lemma g_mul_g_mono:
  fixes S T :: "'g::linorder set"
  assumes "finite S" "finite T"
  shows "g_mul (g_mono S) (g_mono T) =
           (if S \<inter> T = {} then g_smul (gsign S T) (g_mono (S \<union> T)) else g_zero)"
proof
  fix U
  have sum_eq: "g_mul (g_mono S) (g_mono T) U =
      (\<Sum>S'\<in>Pow U. if S' = S then gsign S (U - S) * (if U - S = T then 1 else 0) else 0)"
    unfolding g_mul_def g_mono_def by (intro sum.cong) auto
  show "g_mul (g_mono S) (g_mono T) U =
          (if S \<inter> T = {} then g_smul (gsign S T) (g_mono (S \<union> T)) else g_zero) U"
  proof (cases "finite U")
    case True
    then show ?thesis
      unfolding sum_eq sum.delta[OF finite_Pow_iff[THEN iffD2, OF True]]
      by (auto simp: g_smul_def g_mono_def g_zero_def)
  next
    case False
    then have "g_mul (g_mono S) (g_mono T) U = 0" "U \<noteq> S \<union> T"
      unfolding g_mul_def using assms by auto
    then show ?thesis unfolding g_smul_def g_mono_def g_zero_def by auto
  qed
qed

lemma g_mul_add_left: "g_mul (g_add x y) z = g_add (g_mul x z) (g_mul y z)"
  unfolding g_mul_def g_add_def by (auto simp: algebra_simps sum.distrib)

lemma g_mul_add_right: "g_mul z (g_add x y) = g_add (g_mul z x) (g_mul z y)"
  unfolding g_mul_def g_add_def by (auto simp: algebra_simps sum.distrib)

lemma g_mul_smul_left: "g_mul (g_smul c x) z = g_smul c (g_mul x z)"
  unfolding g_mul_def g_smul_def by (auto simp: algebra_simps sum_distrib_left)

lemma g_mul_smul_right: "g_mul z (g_smul c x) = g_smul c (g_mul z x)"
  unfolding g_mul_def g_smul_def by (auto simp: algebra_simps sum_distrib_left)
(* Let $H$ be a subgroup of Thompson's group $F$ such that: (1) for every $r\in\mathbb{N}$, $1^r0\sim_H 10$; (2) for every $s\in\mathbb{N}$, $0^s1\sim_H 01$; (3) $01\sim_H 10\sim_H 010\sim_H 011$. Then $\mathrm{Cl}(H)$ contains the derived subgroup $[F,F]$.
   Context: Thompson's group $F$ is the group of all piecewise linear homeomorphisms of $[0,1]$ with finitely many breakpoints, all breakpoints dyadic fractions and all slopes integer powers of $2$. For a finite binary word $u$, let $[u]$ denote the dyadic interval of numbers whose binary expansion begins with $u$. An element $h\in F$ has the pair of branches $u\rightarrow v$ if $h(.u\alpha)=.v\alpha$ for every infinite binary word $\alpha$ (i.e. $h$ maps $[u]$ linearly onto $[v]$). For $H\le F$ and finite binary words $u,v$, write $u\sim_H v$ if some $h\in H$ has the pair of branches $u\rightarrow v$ (an equivalence relation). The closure $\mathrm{Cl}(H)$ is the subgroup of all $f\in F$ for which there is a finite subdivision of $[0,1]$ into intervals such that on each interval $f$ coincides with some element of $H$. Words like $1^r0$ denote $r$ copies of $1$ followed by $0$. *)

theory Defs
  imports Complex_Main "HOL-Algebra.Generated_Groups"
begin

definition dyadic :: "real \<Rightarrow> bool" where
  "dyadic x \<longleftrightarrow> (\<exists>(k::int) (n::nat). x = real_of_int k / 2 ^ n)"

definition pl_dyadic :: "(real \<Rightarrow> real) \<Rightarrow> bool" where
  "pl_dyadic f \<longleftrightarrow> (\<exists>bs :: real list.
      length bs \<ge> 2 \<and> sorted_wrt (<) bs \<and> hd bs = 0 \<and> last bs = 1 \<and>
      (\<forall>b\<in>set bs. dyadic b) \<and>
      (\<forall>i. Suc i < length bs \<longrightarrow>
         (\<exists>(k::int) (c::real). \<forall>x\<in>{bs ! i .. bs ! Suc i}. f x = 2 powr (real_of_int k) * x + c)))"

text \<open>Elements of F are represented as functions on the reals that are
  piecewise linear homeomorphisms of [0,1] as above, and the identity outside [0,1]
  (so that F is a group under composition).\<close>
definition thompsonF :: "(real \<Rightarrow> real) set" where
  "thompsonF = {f. (\<forall>x. x \<notin> {0..1} \<longrightarrow> f x = x) \<and>
                   bij_betw f {0..1} {0..1} \<and> continuous_on {0..1} f \<and>
                   continuous_on {0..1} (inv_into {0..1} f) \<and> pl_dyadic f}"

·····

**The task**
Return the full listing, character for character.

**Result of the exercise**
lemma g_mul_g_mono:
  fixes S T :: "'g::linorder set"
  assumes "finite S" "finite T"
  shows "g_mul (g_mono S) (g_mono T) =
           (if S \<inter> T = {} then g_smul (gsign S T) (g_mono (S \<union> T)) else g_zero)"
proof
  fix U
  have sum_eq: "g_mul (g_mono S) (g_mono T) U =
      (\<Sum>S'\<in>Pow U. if S' = S then gsign S (U - S) * (if U - S = T then 1 else 0) else 0)"
    unfolding g_mul_def g_mono_def by (intro sum.cong) auto
  show "g_mul (g_mono S) (g_mono T) U =
          (if S \<inter> T = {} then g_smul (gsign S T) (g_mono (S \<union> T)) else g_zero) U"
  proof (cases "finite U")
    case True
    then show ?thesis
      unfolding sum_eq sum.delta[OF finite_Pow_iff[THEN iffD2, OF True]]
      by (auto simp: g_smul_def g_mono_def g_zero_def)
  next
    case False
    then have "g_mul (g_mono S) (g_mono T) U = 0" "U \<noteq> S \<union> T"
      unfolding g_mul_def using assms by auto
    then show ?thesis unfolding g_smul_def g_mono_def g_zero_def by auto
  qed
qed

lemma g_mul_add_left: "g_mul (g_add x y) z = g_add (g_mul x z) (g_mul y z)"
  unfolding g_mul_def g_add_def by (auto simp: algebra_simps sum.distrib)

lemma g_mul_add_right: "g_mul z (g_add x y) = g_add (g_mul z x) (g_mul z y)"
  unfolding g_mul_def g_add_def by (auto simp: algebra_simps sum.distrib)

lemma g_mul_smul_left: "g_mul (g_smul c x) z = g_smul c (g_mul x z)"
  unfolding g_mul_def g_smul_def by (auto simp: algebra_simps sum_distrib_left)

lemma g_mul_smul_right: "g_mul z (g_smul c x) = g_smul c (g_mul z x)"
  unfolding g_mul_def g_smul_def by (auto simp: algebra_simps sum_distrib_left)
(* Let $H$ be a subgroup of Thompson's group $F$ such that: (1) for every $r\in\mathbb{N}$, $1^r0\sim_H 10$; (2) for every $s\in\mathbb{N}$, $0^s1\sim_H 01$; (3) $01\sim_H 10\sim_H 010\sim_H 011$. Then $\mathrm{Cl}(H)$ contains the derived subgroup $[F,F]$.
   Context: Thompson's group $F$ is the group of all piecewise linear homeomorphisms of $[0,1]$ with finitely many breakpoints, all breakpoints dyadic fractions and all slopes integer powers of $2$. For a finite binary word $u$, let $[u]$ denote the dyadic interval of numbers whose binary expansion begins with $u$. An element $h\in F$ has the pair of branches $u\rightarrow v$ if $h(.u\alpha)=.v\alpha$ for every infinite binary word $\alpha$ (i.e. $h$ maps $[u]$ linearly onto $[v]$). For $H\le F$ and finite binary words $u,v$, write $u\sim_H v$ if some $h\in H$ has the pair of branches $u\rightarrow v$ (an equivalence relation). The closure $\mathrm{Cl}(H)$ is the subgroup of all $f\in F$ for which there is a finite subdivision of $[0,1]$ into intervals such that on each interval $f$ coincides with some element of $H$. Words like $1^r0$ denote $r$ copies of $1$ followed by $0$. *)

theory Defs
  imports Complex_Main "HOL-Algebra.Generated_Groups"
begin

definition dyadic :: "real \<Rightarrow> bool" where
  "dyadic x \<longleftrightarrow> (\<exists>(k::int) (n::nat). x = real_of_int k / 2 ^ n)"

definition pl_dyadic :: "(real \<Rightarrow> real) \<Rightarrow> bool" where
  "pl_dyadic f \<longleftrightarrow> (\<exists>bs :: real list.
      length bs \<ge> 2 \<and> sorted_wrt (<) bs \<and> hd bs = 0 \<and> last bs = 1 \<and>
      (\<forall>b\<in>set bs. dyadic b) \<and>
      (\<forall>i. Suc i < length bs \<longrightarrow>
         (\<exists>(k::int) (c::real). \<forall>x\<in>{bs ! i .. bs ! Suc i}. f x = 2 powr (real_of_int k) * x + c)))"

text \<open>Elements of F are represented as functions on the reals that are
  piecewise linear homeomorphisms of [0,1] as above, and the identity outside [0,1]
  (so that F is a group under composition).\<close>
definition thompsonF :: "(real \<Rightarrow> real) set" where
  "thompsonF = {f. (\<forall>x. x \<notin> {0..1} \<longrightarrow> f x = x) \<and>
                   bij_betw f {0..1} {0..1} \<and> continuous_on {0..1} f \<and>
                   continuous_on {0..1} (inv_into {0..1} f) \<and> pl_dyadic f}"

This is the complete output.